Он поднялся, отряхиваясь и вытирая плащ, что казалось делом совершенно безнадежным, поскольку тот весь был измазан коричнево-черным.
– Я подам официальную жалобу на вашу деятельность, инквизитор, – сказал ксендз, и голос его даже не дрогнул. – Согласно со статьей двенадцатой закона о преследовании чародеев…
Значит, здесь у нас знаток законов. Ха! Выходит, пора начать дискуссию и одолеть попика с помощью серьезных аргументов.
Я подъехал и на этот раз ударил его прямо в лицо – и он полетел на спину уже без передних зубов.
Я соскочил с седла – грязь хлюпнула под сапогами – и склонился над ним.
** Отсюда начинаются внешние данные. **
(* Let $X=(X,d,\mathcal M,\mu)$ be a separable metric measure space and $1\le p<\infty$. Suppose that for every $x\in X_0$: $B(x,\lambda)\in\mathcal M$ and $\mu(B(x,\lambda))>0$ for each $\lambda>0$, and $\mu(B(x,\lambda'(x)))<\infty$ for some $\lambda'(x)>0$. Suppose also that $X\setminus X_0$ is not dense in $X$. Then $C_a(X)$ is contained in some $Z_\sigma$-set in $L^p(X)$, and hence so is $C_u(X)$.
   Context: A metric measure space $X=(X,d,\mathcal M,\mu)$ consists of a metric space $(X,d)$, a $\sigma$-algebra $\mathcal M$ and a measure $\mu$ on $\mathcal M$. $X_0=\{x\in X:\{x\}\in\mathcal M,\ \mu(\{x\})=0\}$, $B(x,\lambda)=\{y:d(x,y)<\lambda\}$. $L^p(X)$ is the Banach space of $\mathcal M$-measurable $f:X\to\mathbb R$ with $\|f\|_p=(\int_X|f|^pd\mu)^{1/p}<\infty$, modulo a.e. equality. $C_u(X)$ is the set of classes containing a uniformly continuous function; $C_a(X)$ is the set of $f\in L^p(X)$ such that $f|_{X\setminus E}$ is continuous for some $E\subset X$ with $\mu(E)=0$. A closed set $A$ in a space $M$ is a $Z$-set if for every open cover $\mathcal U$ of $M$ there is a continuous $f:M\to M$ with $f(M)\cap A=\emptyset$ such that for each $z\in M$ some $U\in\mathcal U$ contains $\{z,f(z)\}$. A $Z_\sigma$-set is a countable union of $Z$-sets. *)

theory Defs
  imports "HOL-Analysis.Analysis" "HOL-Probability.Probability"
begin

text \<open>The metric measure space is given by a measure M (space M = X, sets M = the
sigma-algebra, emeasure M = mu) together with a metric d on space M.\<close>

definition X0 :: "'a measure \<Rightarrow> 'a set" where
  "X0 M = {x \<in> space M. {x} \<in> sets M \<and> emeasure M {x} = 0}"

definition ae_class :: "'a measure \<Rightarrow> ('a \<Rightarrow> real) \<Rightarrow> ('a \<Rightarrow> real) set" where
  "ae_class M f = {g \<in> borel_measurable M. AE x in M. g x = f x}"

definition Lp_carrier :: "'a measure \<Rightarrow> real \<Rightarrow> ('a \<Rightarrow> real) set set" where
  "Lp_carrier M p = {ae_class M f | f. f \<in> borel_measurable M \<and>
                         integrable M (\<lambda>x. \<bar>f x\<bar> powr p)}"

definition Lp_dist :: "'a measure \<Rightarrow> real \<Rightarrow> ('a \<Rightarrow> real) set \<Rightarrow> ('a \<Rightarrow> real) set \<Rightarrow> real" where
  "Lp_dist M p U V = (let f = (SOME f. f \<in> U); g = (SOME g. g \<in> V)
       in (integral\<^sup>L M (\<lambda>x. \<bar>f x - g x\<bar> powr p)) powr (1 / p))"

definition Lp_topology :: "'a measure \<Rightarrow> real \<Rightarrow> ('a \<Rightarrow> real) set topology" where
  "Lp_topology M p = Metric_space.mtopology (Lp_carrier M p) (Lp_dist M p)"

definition unif_cont_on :: "'a set \<Rightarrow> ('a \<Rightarrow> 'a \<Rightarrow> real) \<Rightarrow> ('a \<Rightarrow> real) \<Rightarrow> bool" where
  "unif_cont_on X d f \<longleftrightarrow> (\<forall>e>0. \<exists>\<delta>>0. \<forall>x\<in>X. \<forall>y\<in>X. d x y < \<delta> \<longrightarrow> \<bar>f x - f y\<bar> < e)"

definition Cu :: "'a measure \<Rightarrow> ('a \<Rightarrow> 'a \<Rightarrow> real) \<Rightarrow> real \<Rightarrow> ('a \<Rightarrow> real) set set" where
  "Cu M d p = {U \<in> Lp_carrier M p. \<exists>f\<in>U. unif_cont_on (space M) d f}"

definition Ca :: "'a measure \<Rightarrow> ('a \<Rightarrow> 'a \<Rightarrow> real) \<Rightarrow> real \<Rightarrow> ('a \<Rightarrow> real) set set" where
  "Ca M d p = {U \<in> Lp_carrier M p. \<exists>f\<in>U. \<exists>E. E \<in> null_sets M \<and>
      continuous_map (subtopology (Metric_space.mtopology (space M) d) (space M - E)) euclideanreal f}"

definition Z_set :: "'b topology \<Rightarrow> 'b set \<Rightarrow> bool" where
  "Z_set T A \<longleftrightarrow> closedin T A \<and>
     (\<forall>\<U>. (\<forall>U\<in>\<U>. openin T U) \<and> \<Union>\<U> = topspace T \<longrightarrow>
        (\<exists>f. continuous_map T T f \<and> f ` topspace T \<inter> A = {} \<and>
             (\<forall>z\<in>topspace T. \<exists>U\<in>\<U>. z \<in> U \<and> f z \<in> U)))"
lemma subspace_sum_zero: "subspace {v :: real^'n. (\<Sum>i\<in>UNIV. v $ i) = 0}"
  by (auto simp: subspace_def sum.distrib sum_distrib_left[symmetric])

theorem cometric_pullback_co_embedding:
  fixes V :: "real^'m^'n" and q :: "real^'m"
  assumes V: "markov_co_embedding V" and q: "q \<in> PD"
    and "\<alpha> \<in> cotangent_space PD (markov_map V q)" "\<beta> \<in> cotangent_space PD (markov_map V q)"
  shows "cometric PD (markov_map V q) \<alpha> \<beta> = cometric PD q (pullback V \<alpha>) (pullback V \<beta>)"
proof -
  have "surj_channel V" using V unfolding markov_co_embedding_def by blast
  have q_pos: "\<forall>j. 0 < q $ j" using q unfolding PD_def by blast
  define B where "B = bayes_inverse V q"
  have "column_stochastic V" "column_stochastic B"
    unfolding B_def using \<open>surj_channel V\<close> q_pos
    by (simp_all add: surj_channel_column_stochastic column_stochastic_bayes_inverse)
  have Vq_pos: "\<forall>i. 0 < (V *v q) $ i"
    using surj_channel_matrix_vector_mult_pos[OF \<open>surj_channel V\<close> q_pos] by blast
  have "V *v q \<in> PD"
    using Vq_pos q sum_stochastic_matrix_vector_mult[OF \<open>column_stochastic V\<close>]
    unfolding PD_def by simp
  interpret fisher_retraction "tangent_space PD (V *v q)" "tangent_space PD q" "V *v q" q V B
  proof
    show "subspace (tangent_space PD (V *v q))" "subspace (tangent_space PD q)"
      unfolding tangent_space_PD[OF \<open>V *v q \<in> PD\<close>] tangent_space_PD[OF q] by (fact subspace_sum_zero)+
    show "\<forall>i. 0 < (V *v q) $ i" "\<forall>i. 0 < q $ i" using Vq_pos q_pos .
  next
    fix Y assume "Y \<in> tangent_space PD q"
    then show "V *v Y \<in> tangent_space PD (V *v q)"
      unfolding tangent_space_PD[OF \<open>V *v q \<in> PD\<close>] tangent_space_PD[OF q]
      using sum_stochastic_matrix_vector_mult[OF \<open>column_stochastic V\<close>] by simp
    show "fisher (V *v q) (V *v Y) (V *v Y) \<le> fisher q Y Y"
      using fisher_stochastic_contraction[OF \<open>column_stochastic V\<close> q_pos] .
  next
    fix X assume "X \<in> tangent_space PD (V *v q)"
    then show "B *v X \<in> tangent_space PD q"
      unfolding tangent_space_PD[OF \<open>V *v q \<in> PD\<close>] tangent_space_PD[OF q]
      using sum_stochastic_matrix_vector_mult[OF \<open>column_stochastic B\<close>] by simp
    show "V *v (B *v X) = X"
      using matrix_bayes_inverse_right_inverse[OF \<open>surj_channel V\<close> q_pos
          markov_co_embedding_deterministic[OF V]]
      unfolding B_def by (simp add: matrix_vector_mul_assoc)
    show "fisher q (B *v X) (B *v X) \<le> fisher (V *v q) X X"
      using fisher_stochastic_contraction[OF \<open>column_stochastic B\<close> Vq_pos]
        bayes_inverse_recovers_prior[OF \<open>surj_channel V\<close> q_pos]
      unfolding B_def by simp
  qed
  show ?thesis
    using fisher_sharp_pullback_isometric assms(3,4)
    unfolding cometric_eq_fisher_sharp pullback_def cotangent_space_eq markov_map_eq by simp
qed
definition finish_active :: "'v set \<Rightarrow> ('v \<Rightarrow> 'v \<Rightarrow> bool) \<Rightarrow> real \<Rightarrow> ('v::linorder) conf \<Rightarrow> 'v \<Rightarrow> 'v conf \<Rightarrow> bool" where
  "finish_active V E X s c s' \<longleftrightarrow> is_cand V s c \<and> working s c \<and> has_external V E s c \<and>
     real (card (fnodes V s c)) > X * real (fsize s (max_nbr V E s c)) \<and>
     s' = s\<lparr>fsize := (fsize s)(c := card (fnodes V s c)), working := (working s)(c := False)\<rparr>"

definition finish_join :: "'v set \<Rightarrow> ('v \<Rightarrow> 'v \<Rightarrow> bool) \<Rightarrow> real \<Rightarrow> ('v::linorder) conf \<Rightarrow> 'v \<Rightarrow> 'v conf \<Rightarrow> bool" where
  "finish_join V E X s c s' \<longleftrightarrow> is_cand V s c \<and> working s c \<and> has_external V E s c \<and>
     \<not> (real (card (fnodes V s c)) > X * real (fsize s (max_nbr V E s c))) \<and>
     s' = s\<lparr>frag := (\<lambda>v. if frag s v = c then max_nbr V E s c else frag s v),
            working := (working s)(c := False)\<rparr>"

definition alg_step :: "'v set \<Rightarrow> ('v \<Rightarrow> 'v \<Rightarrow> bool) \<Rightarrow> real \<Rightarrow> ('v::linorder) conf \<Rightarrow> 'v conf \<Rightarrow> bool" where
  "alg_step V E X s s' \<longleftrightarrow> (\<exists>c. start_work V E s c s' \<or> finish_active V E X s c s' \<or> finish_join V E X s c s')"

definition execution :: "'v set \<Rightarrow> ('v \<Rightarrow> 'v \<Rightarrow> bool) \<Rightarrow> real \<Rightarrow> (nat \<Rightarrow> ('v::linorder) conf) \<Rightarrow> bool" where
  "execution V E X r \<longleftrightarrow> r 0 = init_conf \<and> (\<forall>t. alg_step V E X (r t) (r (Suc t)) \<or> r (Suc t) = r t)"

definition enters_work :: "(nat \<Rightarrow> 'v conf) \<Rightarrow> 'v \<Rightarrow> nat \<Rightarrow> bool" where
  "enters_work r c t \<longleftrightarrow> \<not> working (r t) c \<and> working (r (Suc t)) c"

end

theory Submission
  imports Defs "HOL-Library.Product_Lexorder"
begin

text \<open>A fragment in work is a candidate all of whose neighbours have a larger id.
  This invariant survives every step because a fragment that remains active grows
  beyond X times its maximal neighbour, hence (X \<ge> 1) beyond every neighbour.
  So when F finishes work and remains active, its new size exceeds
  X \<cdot> size(F') \<ge> X \<cdot> size(F). The known size of F changes only when F leaves work,
  and between t_i and t_(i+1) + countdelay it leaves work, remaining active, twice.\<close>

lemma id_less_iff_lex: "id_less s a b \<longleftrightarrow> (fsize s a, a) < (fsize s b, b)"
  by (auto simp: id_less_def less_prod_def)

lemma id_less_asym: "id_less s a b \<Longrightarrow> \<not> id_less s b a"
  by (auto simp: id_less_def)

lemma frag_adj_sym: "symp E \<Longrightarrow> frag_adj V E s c d \<Longrightarrow> frag_adj V E s d c"
  unfolding frag_adj_def by (blast dest: sympD)

lemma ex_id_greatest_nbr:
  fixes s :: "('v::linorder) conf"
  assumes "finite V" and "has_external V E s c"
  shows "\<exists>m. frag_adj V E s c m \<and> (\<forall>d. frag_adj V E s c d \<longrightarrow> d = m \<or> id_less s d m)"
proof -
  let ?A = "{d. frag_adj V E s c d}" and ?key = "\<lambda>d. (fsize s d, d)"
  have "?A \<subseteq> V"
    by (auto simp: frag_adj_def is_cand_def)
  then have fin: "finite (?key ` ?A)"
    using \<open>finite V\<close> finite_subset by blast
  have "?key ` ?A \<noteq> {}"
    using \<open>has_external V E s c\<close> by (auto simp: has_external_def)
  then obtain m where "m \<in> ?A" and "?key m = Max (?key ` ?A)"
    using Max_in[OF fin] by auto
  then have "\<forall>d\<in>?A. ?key d \<le> ?key m"
    using fin by simp
  then show ?thesis
    using \<open>m \<in> ?A\<close> by (auto simp: id_less_iff_lex order.order_iff_strict)
qed

lemma
  fixes s :: "('v::linorder) conf"
  assumes "finite V" and "has_external V E s c"
  shows max_nbr_adj: "frag_adj V E s c (max_nbr V E s c)"
    and max_nbr_greatest:
      "frag_adj V E s c d \<Longrightarrow> d = max_nbr V E s c \<or> id_less s d (max_nbr V E s c)"
proof -
  obtain m where m: "frag_adj V E s c m \<and> (\<forall>d. frag_adj V E s c d \<longrightarrow> d = m \<or> id_less s d m)"
    using ex_id_greatest_nbr[OF assms] by blast
  have "max_nbr V E s c = m"
    unfolding max_nbr_def by (rule the_equality) (use m id_less_asym in blast)+
  then show "frag_adj V E s c (max_nbr V E s c)"
    and "frag_adj V E s c d \<Longrightarrow> d = max_nbr V E s c \<or> id_less s d (max_nbr V E s c)"
    using m by auto
qed

definition working_inv :: "'v set \<Rightarrow> ('v \<Rightarrow> 'v \<Rightarrow> bool) \<Rightarrow> ('v::linorder) conf \<Rightarrow> bool" where
  "working_inv V E s \<longleftrightarrow> (\<forall>c. working s c \<longrightarrow> is_cand V s c \<and> all_incoming V E s c)"

lemma working_inv_init: "working_inv V E init_conf"
  by (simp add: working_inv_def init_conf_def)

lemma working_inv_start_work:
  assumes "working_inv V E s" and "start_work V E s c0 s'"
  shows "working_inv V E s'"
  using assms
  by (auto simp: working_inv_def start_work_def all_incoming_def frag_adj_def is_cand_def id_less_def)

lemma working_inv_finish_active:
  fixes s :: "('v::linorder) conf"
  assumes "1 \<le> X" and "finite V" and "symp E"
    and inv: "working_inv V E s" and fa: "finish_active V E X s c0 s'"
  shows "working_inv V E s'"
  unfolding working_inv_def
proof (intro allI impI)
  let ?m = "max_nbr V E s c0"
  fix c
  assume "working s' c"
  then have "c \<noteq> c0" and "working s c"
    using fa by (auto simp: finish_active_def split: if_splits)
  then have cand: "is_cand V s c" and incoming: "all_incoming V E s c"
    using inv by (auto simp: working_inv_def)
  have same_frag: "frag s' = frag s" and fsize_c: "fsize s' c = fsize s c"
    using fa \<open>c \<noteq> c0\<close> by (auto simp: finish_active_def)
  have adj: "frag_adj V E s' c d = frag_adj V E s c d" for d
    by (simp add: frag_adj_def is_cand_def same_frag)
  have "id_less s' c d" if "frag_adj V E s c d" for d
  proof (cases "d = c0")
    case True
    have ext: "has_external V E s c0"
      using fa by (simp add: finish_active_def)
    have "c = ?m \<or> id_less s c ?m"
      using max_nbr_greatest[OF \<open>finite V\<close> ext] frag_adj_sym[OF \<open>symp E\<close> that] True by simp
    then have "real (fsize s c) \<le> real (fsize s ?m)"
      by (auto simp: id_less_def)
    also have "\<dots> \<le> X * real (fsize s ?m)"
      using \<open>1 \<le> X\<close> by (simp add: mult_le_cancel_right1)
    also have "\<dots> < real (fsize s' c0)"
      using fa by (simp add: finish_active_def)
    finally show ?thesis
      using True fsize_c by (simp add: id_less_def)
  next
    case False
    then show ?thesis
      using that incoming fa \<open>c \<noteq> c0\<close> by (auto simp: all_incoming_def id_less_def finish_active_def)
  qed
  then show "is_cand V s' c \<and> all_incoming V E s' c"
    using cand by (simp add: is_cand_def all_incoming_def adj same_frag)
qed

lemma frag_adj_after_join:
  assumes merged: "frag s' = (\<lambda>v. if frag s v = c0 then m else frag s v)"
    and "is_cand V s c" and "is_cand V s c0" and "is_cand V s m" and "c \<noteq> c0" and "c \<noteq> m"
    and "frag_adj V E s' c d"
  shows "(d = m \<and> frag_adj V E s c c0) \<or> frag_adj V E s c d"
proof -
  obtain u v where "u \<in> V" "v \<in> V" "E u v" "frag s' u = c" "frag s' v = d"
    and "d \<noteq> c" and "is_cand V s' d"
    using \<open>frag_adj V E s' c d\<close> by (auto simp: frag_adj_def)
  have "frag s u = c"
    using \<open>frag s' u = c\<close> \<open>c \<noteq> m\<close> by (simp add: merged split: if_splits)
  show ?thesis
  proof (cases "frag s v = c0")
    case True
    then show ?thesis
      using assms \<open>frag s' v = d\<close> \<open>frag s u = c\<close> \<open>u \<in> V\<close> \<open>v \<in> V\<close> \<open>E u v\<close>
      by (auto simp: frag_adj_def)
  next
    case False
    have "is_cand V s d"
      using \<open>is_cand V s' d\<close> \<open>is_cand V s m\<close> by (auto simp: is_cand_def merged split: if_splits)
    then show ?thesis
      using assms False \<open>frag s' v = d\<close> \<open>frag s u = c\<close> \<open>d \<noteq> c\<close> \<open>u \<in> V\<close> \<open>v \<in> V\<close> \<open>E u v\<close>
      by (auto simp: frag_adj_def)
  qed
qed

lemma working_inv_finish_join:
  fixes s :: "('v::linorder) conf"
  assumes "finite V" and "symp E"
    and inv: "working_inv V E s" and fj: "finish_join V E X s c0 s'"
  shows "working_inv V E s'"
  unfolding working_inv_def
proof (intro allI impI)
  let ?m = "max_nbr V E s c0"
  fix c
  assume "working s' c"
  then have "c \<noteq> c0" and "working s c"
    using fj by (auto simp: finish_join_def split: if_splits)
  then have cand: "is_cand V s c" and incoming: "all_incoming V E s c"
    using inv by (auto simp: working_inv_def)
  have "working s c0" and cand0: "is_cand V s c0" and ext: "has_external V E s c0"
    and merged: "frag s' = (\<lambda>v. if frag s v = c0 then ?m else frag s v)"
    and same_fsize: "fsize s' = fsize s"
    using fj by (auto simp: finish_join_def)
  then have incoming0: "all_incoming V E s c0"
    using inv by (auto simp: working_inv_def)
  have adj_m: "frag_adj V E s c0 ?m"
    using max_nbr_adj[OF \<open>finite V\<close> ext] .
  then have cand_m: "is_cand V s ?m"
    by (simp add: frag_adj_def)
  have "c \<noteq> ?m"
  proof
    assume "c = ?m"
    then have "id_less s c0 c" and "id_less s c c0"
      using adj_m frag_adj_sym[OF \<open>symp E\<close> adj_m] incoming0 incoming
      by (auto simp: all_incoming_def)
    then show False
      using id_less_asym by blast
  qed
  have "id_less s' c d" if "frag_adj V E s' c d" for d
    using frag_adj_after_join[OF merged cand cand0 cand_m \<open>c \<noteq> c0\<close> \<open>c \<noteq> ?m\<close> that]
  proof
    assume "d = ?m \<and> frag_adj V E s c c0"
    then show ?thesis
      using max_nbr_greatest[OF \<open>finite V\<close> ext] frag_adj_sym[OF \<open>symp E\<close>] \<open>c \<noteq> ?m\<close>
      by (fastforce simp: id_less_def same_fsize)
  next
    assume "frag_adj V E s c d"
    then show ?thesis
      using incoming by (simp add: all_incoming_def id_less_def same_fsize)
  qed
  moreover have "is_cand V s' c"
    using cand \<open>c \<noteq> c0\<close> by (simp add: is_cand_def merged)
  ultimately show "is_cand V s' c \<and> all_incoming V E s' c"
    by (simp add: all_incoming_def)
qed

lemma working_inv_step:
  fixes s :: "('v::linorder) conf"
  assumes "1 \<le> X" and "finite V" and "symp E"
    and "working_inv V E s" and "alg_step V E X s s'"
  shows "working_inv V E s'"
proof -
  obtain c0 where "start_work V E s c0 s' \<or> finish_active V E X s c0 s' \<or> finish_join V E X s c0 s'"
    using \<open>alg_step V E X s s'\<close> by (auto simp: alg_step_def)
  then show ?thesis
    using working_inv_start_work working_inv_finish_active[OF assms(1-4)]
      working_inv_finish_join[OF assms(2-4)] assms(4)
    by blast
qed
– Я знаю, о чем говорит статья двенадцатая, – сказал, хватая его за бороду. Теперь та была забрызгана красным. Я действительно выбил ему два зуба. – А также и все остальные статьи. А тебе на рассвете следует явиться на допрос этой женщины, понял? Явишься как церковный ассистент, ладно уж. Я выражаюсь понятно?
– Да.
Если бы ненависть во взгляде могла убивать – я лежал бы мертвее камня. Так ведь если бы ненависть во взгляде могла убивать, я лежал бы мертвым давным-давно! Потому я никогда не обращал на это внимание.
Я ударил его запястьем в нос – аж хрустнул хрящик.
– Да, господин инквизитор, – подсказал – и он вежливо повторил. – Вот так. – Я отвернулся, поскольку через грязь на рынке бежал мальчишка и голосил:
– Вельможные господа, вельможный бурмайстер просит вас на постой.
Постой состоял из трех комнат на втором этаже гостиницы, из которой поспешно вытолкали прочих постояльцев.
– Постель, – сказал Курнос с недоверием. – Как давно я не спал в постели!
В моей комнате, самой большой из трех, на столике уже лежали протоколы допросов, а рядом были масляная лампа, запасец масла для нее, а также большой и покрытый паутиной бутыль вина.
– Могу, Мордимер? – Курнос глянул голодным взглядом – и я кивнул.
Он глотнул так, что аж булькнуло в горле, потом отнял бутыль от губ и вытер горлышко ладонью.
– О Господи! – сказал с чувством.
– Такое плохое? – поднял я брови.
– Нет, Мордимер! Такое хорошее! Истинная мальвазия.